Similarity measures for doubles

Question

I am designing a matching system and want to compute the similarity between pairs of numbers. So let us assume we have two set of numbers:

15 13 17 100

1 14 15 105 27 30

I would now like to compute the similarity between a) these two set of numbers AND b) between each and every number (so for example sim(15,1), sim(13,1), etc.) that return me a similarity value between 0 and 1.

My question now is if there exist similarity measures in literature for this task. If there is even a java implementation for them I would appreciate this even more.

UPDATE:

There exist a large amount of measures for String similarity (e.g. Levenshtein measure), but I could not find something equivalent for numbers.

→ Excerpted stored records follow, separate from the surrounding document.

(* Let $G$ be a non-complete double-critical $k$-chromatic graph. For every vertex $x\in V(G)$, the minimum degree of the neighbourhood graph $G_x$ is at least $k-2$, i.e. $\delta(G_x)\ge k-2$.
   Context: All graphs are finite and simple. A graph $G$ is (vertex-)critical if $\chi(G-v)<\chi(G)$ for every vertex $v\in V(G)$. A critical graph $G$ is double-critical if $\chi(G-x-y)\le\chi(G)-2$ for every edge $xy\in E(G)$. For a vertex $x$, $G_x:=G[N(x)]$ denotes the subgraph induced by the (open) neighbourhood of $x$. *)

theory Defs
  imports Main
begin

definition simple_graph :: "'a set \<Rightarrow> ('a \<Rightarrow> 'a \<Rightarrow> bool) \<Rightarrow> bool" where
  "simple_graph V E \<longleftrightarrow> finite V \<and> (\<forall>x y. E x y \<longrightarrow> E y x) \<and> (\<forall>x. \<not> E x x)
     \<and> (\<forall>x y. E x y \<longrightarrow> x \<in> V \<and> y \<in> V)"

text \<open>Subgraphs are taken as induced subgraphs on a vertex subset W of V,
  i.e. the graph (W, E restricted to W).\<close>
definition proper_colouring :: "'a set \<Rightarrow> ('a \<Rightarrow> 'a \<Rightarrow> bool) \<Rightarrow> nat \<Rightarrow> ('a \<Rightarrow> nat) \<Rightarrow> bool" where
  "proper_colouring W E k c \<longleftrightarrow> (\<forall>v\<in>W. c v < k) \<and> (\<forall>u\<in>W. \<forall>v\<in>W. E u v \<longrightarrow> c u \<noteq> c v)"

definition chi :: "'a set \<Rightarrow> ('a \<Rightarrow> 'a \<Rightarrow> bool) \<Rightarrow> nat" where
  "chi W E = (LEAST k. \<exists>c. proper_colouring W E k c)"

definition neighbours :: "'a set \<Rightarrow> ('a \<Rightarrow> 'a \<Rightarrow> bool) \<Rightarrow> 'a \<Rightarrow> 'a set" where
  "neighbours V E x = {y \<in> V. E x y}"

definition complete_graph :: "'a set \<Rightarrow> ('a \<Rightarrow> 'a \<Rightarrow> bool) \<Rightarrow> bool" where
  "complete_graph V E \<longleftrightarrow> (\<forall>x\<in>V. \<forall>y\<in>V. x \<noteq> y \<longrightarrow> E x y)"

definition vertex_critical :: "'a set \<Rightarrow> ('a \<Rightarrow> 'a \<Rightarrow> bool) \<Rightarrow> bool" where
  "vertex_critical V E \<longleftrightarrow> (\<forall>v\<in>V. chi (V - {v}) E < chi V E)"

definition double_critical :: "'a set \<Rightarrow> ('a \<Rightarrow> 'a \<Rightarrow> bool) \<Rightarrow> bool" where
  "double_critical V E \<longleftrightarrow> vertex_critical V E \<and>
     (\<forall>x\<in>V. \<forall>y\<in>V. E x y \<longrightarrow> chi (V - {x, y}) E + 2 \<le> chi V E)"

end

theory Submission
  imports Defs
begin

text \<open>Let \<open>xy\<close> be an edge and \<open>m = \<chi>(G - x - y) = k - 2\<close>. In an optimal colouring of
  \<open>G - x - y\<close> every colour class contains a common neighbour of \<open>x\<close> and \<open>y\<close>: otherwise
  \<open>x\<close> could take that colour, its neighbours of that colour and \<open>y\<close> a single new one,
  giving a \<open>(k - 1)\<close>-colouring of \<open>G\<close>. Hence \<open>x\<close> and \<open>y\<close> have at least \<open>k - 2\<close> common
  neighbours.\<close>

lemma chi_le_colouring:
  assumes "proper_colouring W E k c"
  shows "chi W E \<le> k"
  unfolding chi_def using assms by (intro Least_le) blast

lemma chi_colouring_exists:
  assumes "finite W" and irrefl: "\<And>a. \<not> E a a"
  obtains c where "proper_colouring W E (chi W E) c"
proof -
  obtain f :: "'a \<Rightarrow> nat" and n where f: "f ` W = {i. i < n}" "inj_on f W"
    using finite_imp_inj_to_nat_seg[OF assms(1)] by blast
  have "proper_colouring W E n f"
    unfolding proper_colouring_def
  proof (intro conjI ballI impI)
    fix v assume "v \<in> W" then show "f v < n" using f(1) by blast
  next
    fix u v assume "u \<in> W" "v \<in> W" "E u v"
    then show "f u \<noteq> f v" using f(2) irrefl by (metis inj_on_def)
  qed
  then have "\<exists>k c. proper_colouring W E k c" by blast
  then have "\<exists>c. proper_colouring W E (chi W E) c"
    unfolding chi_def by (rule LeastI_ex)
  then show ?thesis using that by blast
qed

lemma chi_insert_le:
  assumes "finite W" and irrefl: "\<And>a. \<not> E a a"
  shows "chi (insert v W) E \<le> chi W E + 1"
proof -
  obtain c where c: "proper_colouring W E (chi W E) c"
    using chi_colouring_exists[OF assms] .
  have c_lt: "\<And>w. w \<in> W \<Longrightarrow> c w < chi W E"
    and c_ne: "\<And>u w. u \<in> W \<Longrightarrow> w \<in> W \<Longrightarrow> E u w \<Longrightarrow> c u \<noteq> c w"
    using c unfolding proper_colouring_def by auto
  have "proper_colouring (insert v W) E (chi W E + 1) (c(v := chi W E))"
    unfolding proper_colouring_def
  proof (intro conjI ballI impI)
    fix w assume "w \<in> insert v W"
    then show "(c(v := chi W E)) w < chi W E + 1" using c_lt by fastforce
  next
    fix u w assume "u \<in> insert v W" "w \<in> insert v W" "E u w"
    moreover have "u \<noteq> w" using \<open>E u w\<close> irrefl by blast
    ultimately show "(c(v := chi W E)) u \<noteq> (c(v := chi W E)) w"
      using c_lt[of u] c_lt[of w] c_ne[of u w] by (cases "u = v"; cases "w = v") auto
  qed
  then show ?thesis by (rule chi_le_colouring)
qed

lemma chi_le_chi_Diff_two_add_two:
  assumes "finite V" and "\<And>a. \<not> E a a" and "x \<in> V" "y \<in> V"
  shows "chi V E \<le> chi (V - {x, y}) E + 2"
proof -
  have "V = insert x (insert y (V - {x, y}))" using assms(3,4) by blast
  then have "chi V E \<le> chi (insert y (V - {x, y})) E + 1"
    using chi_insert_le[of "insert y (V - {x, y})" E x] assms(1,2) by simp
  also have "\<dots> \<le> chi (V - {x, y}) E + 2"
    using chi_insert_le[of "V - {x, y}" E y] assms(1,2) by simp
  finally show ?thesis .
qed

lemma colouring_extends_unless_common_neighbour:
  assumes sym: "\<And>a b. E a b \<Longrightarrow> E b a" and irrefl: "\<And>a. \<not> E a a" and "x \<noteq> y"
    and c: "proper_colouring (V - {x, y}) E m c" and "i < m"
    and no_common: "\<not> (\<exists>v\<in>V - {x, y}. c v = i \<and> E x v \<and> E y v)"
  shows "proper_colouring V E (m + 1)
           (\<lambda>v. if v = x then i else if v = y then m
                 else if v \<in> V - {x, y} \<and> c v = i \<and> E x v then m else c v)"
  (is "proper_colouring V E (m + 1) ?c'")
proof -
  have c_lt: "\<And>v. v \<in> V - {x, y} \<Longrightarrow> c v < m"
    and c_ne: "\<And>u v. u \<in> V - {x, y} \<Longrightarrow> v \<in> V - {x, y} \<Longrightarrow> E u v \<Longrightarrow> c u \<noteq> c v"
    using c unfolding proper_colouring_def by auto
  show ?thesis
    unfolding proper_colouring_def
  proof (intro conjI ballI impI)
    fix v assume "v \<in> V" then show "?c' v < m + 1"
      using c_lt[of v] \<open>i < m\<close> by auto
  next
    fix u v assume "u \<in> V" "v \<in> V" "E u v"
    then have "u \<noteq> v" "E v u" using irrefl sym by blast+
    consider "u \<in> V - {x, y}" "v \<in> V - {x, y}" | "u = x \<or> v = x" | "u = y \<or> v = y"
      using \<open>u \<in> V\<close> \<open>v \<in> V\<close> by blast
    then show "?c' u \<noteq> ?c' v"
    proof cases
      case 1
      then show ?thesis using c_lt[OF 1(1)] c_lt[OF 1(2)] c_ne[OF 1 \<open>E u v\<close>] 1 by auto
    next
      case 2
      then show ?thesis
        using c_lt[of u] c_lt[of v] \<open>u \<noteq> v\<close> \<open>E u v\<close> \<open>E v u\<close> \<open>x \<noteq> y\<close> \<open>i < m\<close>
          \<open>u \<in> V\<close> \<open>v \<in> V\<close>
        by auto
    next
      case 3
      then show ?thesis
        using c_lt[of u] c_lt[of v] no_common \<open>i < m\<close> \<open>u \<noteq> v\<close> \<open>E u v\<close> \<open>E v u\<close>
          \<open>x \<noteq> y\<close> \<open>u \<in> V\<close> \<open>v \<in> V\<close>
        by auto
    qed
  qed
qed

lemma colour_classes_meet_common_neighbours:
  assumes "simple_graph V E" and "E x y"
    and c: "proper_colouring (V - {x, y}) E m c" and "m + 1 < chi V E" and "i < m"
  shows "\<exists>v\<in>V - {x, y}. c v = i \<and> E x v \<and> E y v"
proof (rule ccontr)
  assume no_common: "\<not> ?thesis"
  have sym: "\<And>a b. E a b \<Longrightarrow> E b a" and irrefl: "\<And>a. \<not> E a a"
    using assms(1) unfolding simple_graph_def by auto
  with \<open>E x y\<close> have "x \<noteq> y" by blast
  from colouring_extends_unless_common_neighbour[OF sym irrefl this c \<open>i < m\<close> no_common]
  have "chi V E \<le> m + 1" by (rule chi_le_colouring)
  then show False using \<open>m + 1 < chi V E\<close> by simp
qed

lemma card_common_neighbours_ge:
  assumes graph: "simple_graph V E" and "E x y"
    and drop: "chi (V - {x, y}) E + 2 \<le> chi V E"
  shows "chi V E - 2 \<le> card (neighbours V E y \<inter> neighbours V E x)"
proof -
  have fin: "finite V" and irrefl: "\<And>a. \<not> E a a" and "x \<in> V" "y \<in> V"
    using graph \<open>E x y\<close> unfolding simple_graph_def by auto
  define m where "m = chi (V - {x, y}) E"
  define S where "S = neighbours V E y \<inter> neighbours V E x"
  obtain c where c: "proper_colouring (V - {x, y}) E m c"
    unfolding m_def using chi_colouring_exists fin irrefl by (metis finite_Diff)
  have "{..<m} \<subseteq> c ` S"
  proof
    fix i assume "i \<in> {..<m}"
    then obtain v where "v \<in> V - {x, y}" "c v = i" "E x v" "E y v"
      using colour_classes_meet_common_neighbours[OF graph \<open>E x y\<close> c] drop m_def by auto
    then show "i \<in> c ` S" unfolding S_def neighbours_def by auto
  qed
  moreover have "finite S" using fin unfolding S_def neighbours_def by auto
  ultimately have "m \<le> card S"
    by (metis card_image_le card_lessThan card_mono finite_imageI le_trans)
  moreover have "chi V E \<le> m + 2"
    unfolding m_def using chi_le_chi_Diff_two_add_two fin irrefl \<open>x \<in> V\<close> \<open>y \<in> V\<close> .
  ultimately show ?thesis unfolding S_def by linarith
qed

theorem proposition6:
  fixes V :: "'a set" and E :: "'a \<Rightarrow> 'a \<Rightarrow> bool" and k :: nat
  assumes "simple_graph V E"
    and "double_critical V E"
    and "chi V E = k"
    and "\<not> complete_graph V E"
    and "x \<in> V"
  shows "\<forall>y \<in> neighbours V E x.
           k - 2 \<le> card (neighbours V E y \<inter> neighbours V E x)"
proof
  fix y assume "y \<in> neighbours V E x"
  then have "y \<in> V" and "E x y" by (auto simp: neighbours_def)
  then have "chi (V - {x, y}) E + 2 \<le> chi V E"
    using assms(2,5) unfolding double_critical_def by blast
  then show "k - 2 \<le> card (neighbours V E y \<inter> neighbours V E x)"
    using card_common_neighbours_ge[OF assms(1) \<open>E x y\<close>] assms(3) by simp
qed

end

The goal is to use this in a matching system which should return the similarity of two database rows between 0 and 1.

Thank you in advance!

similarity measure, you mean subtracting one from another and getting absolute value ? — Eddie Martinez, Jul 08 '14 at 17:56
Can you provide additional details as to what you are using this for? It's a rather odd question as the similarity between two numbers needs to be defined using some sort of constraint. Eduardo suggests on such constraint above, distance. — Sesame, Jul 08 '14 at 18:06
A note to keep in mind, distance and similarity are inverses. Low distance = high similarity. — pbible, Jul 08 '14 at 18:11
Maybe you can consider the numbers (or sequences of numbers) as Strings, then you might have a look at this: http://en.wikipedia.org/wiki/Levenshtein_distance — Renato, Jul 08 '14 at 18:26
Actually, I am looking for something like Levenshtein distance for numbers ;-). So I want to know if there are standardized ways of computing the similarity between two numbers or a set of numbers. Of course I can come up with a lot of add-hoc methodologies like Min(a,b) / Max(a,b) or something like that. However, I would like to know if there are standard ways of doing this that I can use as references. — user1729603, Jul 08 '14 at 18:33
There is a vast amount of literature of computing the similarity of strings - however, I have not found good sources for similarities about numbers! — user1729603, Jul 08 '14 at 18:36
The propose is to build a matching system for databases which returns a confidence value how similar two e.g. database rows are. — user1729603, Jul 08 '14 at 22:31
So the proposed approach would have to return reasonable results for any arbitrary number set. — user1729603, Jul 08 '14 at 22:32
When do you consider two numbers similar? If they are within 1%? If they are less than 100 apart? You could try with absolute difference, or take their ratio, or use logarithms, or do levensthein on their bit patterns. — tobias_k, Jul 09 '14 at 09:08

Patricia Shanahan · Accepted Answer · 2014-07-09T22:47:24.273

The bad news, as you pointed out, is that it has to work for arbitrary number sets. The good news is that you do have a sample from the number set.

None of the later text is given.